Opinion
No. 90-1270.
March 12, 1991.
Appeal from the Circuit Court for Dade County, Fredricka G. Smith, J.
Bennett H. Brummer, Public Defender, and Harvey J. Sepler, Asst. Public Defender, for appellant.
Robert A. Butterworth, Atty. Gen., and Marc E. Brandes, Asst. Atty. Gen., for appellee.
Before FERGUSON, LEVY and GODERICH, JJ.
ON CONFESSION OF ERROR
The State concedes, correctly, that the trial court erroneously applied section 943.058, Florida Statutes (1989), in denying a motion to expunge and seal court records showing that the movant was arrested and charged with a criminal offense. The statute, which prohibits the sealing of records in a completed case, does not apply where the charges are nolle prossed. Canter v. State, 448 So.2d 64 (Fla. 3d DCA 1984).
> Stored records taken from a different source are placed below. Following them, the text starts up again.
lemma sigma_reaches: "u \<in> R \<Longrightarrow> v \<in> R \<Longrightarrow> u \<le> v \<Longrightarrow> \<exists>k. v = \<sigma> k u"
proof (induct "v - u" arbitrary: u rule: less_induct)
  case less
  show ?case
  proof (cases "u = v")
    case True
    then show ?thesis by (metis funpow_0)
  next
    case False
    then have "u < v" using less.prems by simp
    then have "succR R u \<in> R" "u < succR R u" "succR R u \<le> v"
      using succR_mem_gt succR_le less.prems by auto
    then obtain k where "v = \<sigma> k (succR R u)"
      using less.hyps[of "succR R u"] less.prems by force
    then have "v = \<sigma> (Suc k) u" by (simp add: funpow_Suc_right del: funpow.simps)
    then show ?thesis by blast
  qed
qed

lemma sigma_reaches_within:
  assumes "u \<in> R" "v \<in> R" "u \<le> v" "v \<le> \<sigma> J u"
  shows "\<exists>k\<le>J. v = \<sigma> k u"
proof -
  obtain k where k: "v = \<sigma> k u" using sigma_reaches assms(1-3) by blast
  then have "k \<le> J" using sigma_strict_mono_iter[of J k u] assms(4) by (meson leD leI)
  with k show ?thesis by blast
qed

lemma sigma_enumerate: "\<sigma> j (enumerate R k) = enumerate R (k + j)"
  by (induct j) (auto simp: succR_def enumerate_Suc'' infinite_R)

end

definition coef_or_0 :: "int list \<Rightarrow> nat \<Rightarrow> int" where
  "coef_or_0 A i = (if i < length A then A ! i else 0)"

lemma opApp_pad:
  assumes "length A \<le> K"
  shows "opApp R A z = (\<Sum>i<K. coef_or_0 A i * int ((succR R ^^ i) z))"
  unfolding opApp_def using assms
  by (intro sum.mono_neutral_cong_left) (auto simp: coef_or_0_def)

lemma opApp_lin_comb: "\<exists>L. \<forall>z. opApp R L z = a * opApp R A z + b * opApp R B z"
proof -
  define K where "K = max (length A) (length B)"
  define L where "L = map (\<lambda>i. a * coef_or_0 A i + b * coef_or_0 B i) [0..<K]"
  have "opApp R L z = a * opApp R A z + b * opApp R B z" for z
  proof -
    have "opApp R L z = (\<Sum>i<K. (a * coef_or_0 A i + b * coef_or_0 B i) * int ((succR R ^^ i) z))"
      unfolding L_def opApp_def by (intro sum.cong) auto
    also have "\<dots> = a * (\<Sum>i<K. coef_or_0 A i * int ((succR R ^^ i) z))
                    + b * (\<Sum>i<K. coef_or_0 B i * int ((succR R ^^ i) z))"
      by (simp add: sum_distrib_left sum.distrib algebra_simps)
    also have "\<dots> = a * opApp R A z + b * opApp R B z"
      using opApp_pad[of A K] opApp_pad[of B K] by (simp add: K_def)
    finally show ?thesis .
  qed
  then show ?thesis by blast
qed
theorem mainTheorem12:
  fixes j :: nat
  shows "(\<lambda>n. real ((2*(n+1)) choose (n+1)) / (real (n+1) * 4^(n+1)) * zeta_star2 (n+1) j)
           sums (2 * dirichlet_eta (2 * real j + 1))"
proof -
  have partial_sums:
    "(\<Sum>n<N. real ((2*(n+1)) choose (n+1)) / (real (n+1) * 4^(n+1)) * zeta_star2 (n+1) j)
      = 2 * (\<Sum>k<N. (-1)^k * (column_sum (Suc k) N / real (Suc k) ^ (2*j)))" for N
  proof -
    have "(\<Sum>n<N. real ((2*(n+1)) choose (n+1)) / (real (n+1) * 4^(n+1)) * zeta_star2 (n+1) j)
        = (\<Sum>n<N. central_ratio (Suc n) / real (Suc n) * zeta_star2 (Suc n) j)"
      by (intro sum.cong refl) (simp add: central_ratio_def)
    also have "\<dots> = (\<Sum>n=1..N. central_ratio n / real n * zeta_star2 n j)"
      using sum.atLeast1_atMost_eq[of "\<lambda>n. central_ratio n / real n * zeta_star2 n j" N] by simp
    finally show ?thesis
      unfolding sum_central_ratio_zeta_star2 .
  qed
  have "dirichlet_eta (2 * real j + 1) = (\<Sum>k. (-1)^k * (1 / real (Suc k) ^ Suc (2*j)))"
    using dirichlet_eta_of_nat[of "Suc (2*j)"] by (simp add: add.commute)
  then show ?thesis
    unfolding sums_def partial_sums
    using tendsto_mult_left[OF tendsto_alternating_column_sums, of 2 "2*j"] by simp
qed

end
text \<open>States of the one-set clumsy coupon collector on n types: functions
  nat \<Rightarrow> bool, where coordinate i (for i < n) records X_i = 1; coordinates
  i \<ge> n are irrelevant (always False).  q = 1 - p.\<close>

definition full_state :: "nat \<Rightarrow> (nat \<Rightarrow> bool) \<Rightarrow> bool" where
  "full_state n x \<longleftrightarrow> (\<forall>i<n. x i)"

definition cc_step :: "nat \<Rightarrow> real \<Rightarrow> (nat \<Rightarrow> bool) \<Rightarrow> (nat \<Rightarrow> bool) pmf" where
  "cc_step n p x =
     pmf_of_set {..<n} \<bind> (\<lambda>i. bernoulli_pmf (1 - p) \<bind> (\<lambda>b. return_pmf (x(i := b))))"

text \<open>The chain stopped at the completion time T_n: once all types are collected
  it stays put.  Its law at time t is obtained by iterating the stopped kernel from
  X(0) = (0,...,0).\<close>
definition cc_stopped_step :: "nat \<Rightarrow> real \<Rightarrow> (nat \<Rightarrow> bool) \<Rightarrow> (nat \<Rightarrow> bool) pmf" where
  "cc_stopped_step n p x = (if full_state n x then return_pmf x else cc_step n p x)"

definition cc_stopped_law :: "nat \<Rightarrow> real \<Rightarrow> nat \<Rightarrow> (nat \<Rightarrow> bool) pmf" where
  "cc_stopped_law n p t =
     ((\<lambda>M. M \<bind> cc_stopped_step n p) ^^ t) (return_pmf (\<lambda>_. False))"

text \<open>P(T_n \<le> t) = P(stopped chain is full at time t).\<close>
definition cc_cdf :: "nat \<Rightarrow> real \<Rightarrow> nat \<Rightarrow> real" where
  "cc_cdf n p t = measure_pmf.prob (cc_stopped_law n p t) {x. full_state n x}"

definition cc_prob :: "nat \<Rightarrow> real \<Rightarrow> nat \<Rightarrow> real" where
  "cc_prob n p t = (if t = 0 then cc_cdf n p 0 else cc_cdf n p t - cc_cdf n p (t - 1))"

definition T_law :: "nat \<Rightarrow> real \<Rightarrow> nat measure" where
  "T_law n p = density (count_space UNIV) (\<lambda>t. ennreal (cc_prob n p t))"

definition Y_scale :: "nat \<Rightarrow> real \<Rightarrow> nat \<Rightarrow> real" where
  "Y_scale n p t = p * (1 - p) ^ n * real t"

end

(*
  Only the number k of collected types matters: it is a birth-death chain on {0..n} that
  moves up with probability q(n-k)/n and down with probability pk/n, and T is its hitting
  time of n.  Without absorption the chain is reversible with respect to the Binomial(n,q)
  weights pi, so E_k T is the sum over j = k..n-1 of the crossing times
  h_j = P(Bin(n,q) <= j) / (pi_j q(n-j)/n) from j to j + 1.  The h_j increase in j, the
  last one is h_(n-1) = (1 - q^n) / (p q^n), and all the others together are
  O(1 / (n p q^n)); hence p q^n E_k T -> 1 uniformly in k < n.

  The binomial moments E_k C(T, r+1) solve Poisson equations for the killed kernel Q with
  right-hand side Q E_. C(T, r).  A minimum principle for Q sandwiches them between
  (h_(n-1) - 1)^r E_k T and (E_0 T - 1)^r E_k T, so (p q^n)^j E C(T, j) -> 1, and
  expanding t^r in binomial coefficients by Stirling numbers gives E Y_n^r -> r!.
  The exponential tail follows from Markov's inequality P_k(T > 2 E_0 T) <= 1/2,
  iterated by the Markov property.
*)

theory Submission
  imports Defs "HOL-Combinatorics.Stirling" "HOL-Real_Asymp.Real_Asymp"
begin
Accord Merritt v. State, 522 So.2d 93, 94-95 (Fla. 1st DCA 1988); Thomas v. State, 513 So.2d 163, 164-65 (Fla. 2d DCA), rev. denied, 519 So.2d 988 (Fla. 1987); Williamson v. State, 510 So.2d 1052, 1054-55 (Fla. 3d DCA 1987).
A nolle prosequi is a formal entry on the record by the prosecutor declaring that there will be no further prosecution of either the entire case, some of the counts, or some of the defendants. 1 Fla.Jur.2d Actions § 105 (1991).
Reversed and remanded for further proceedings.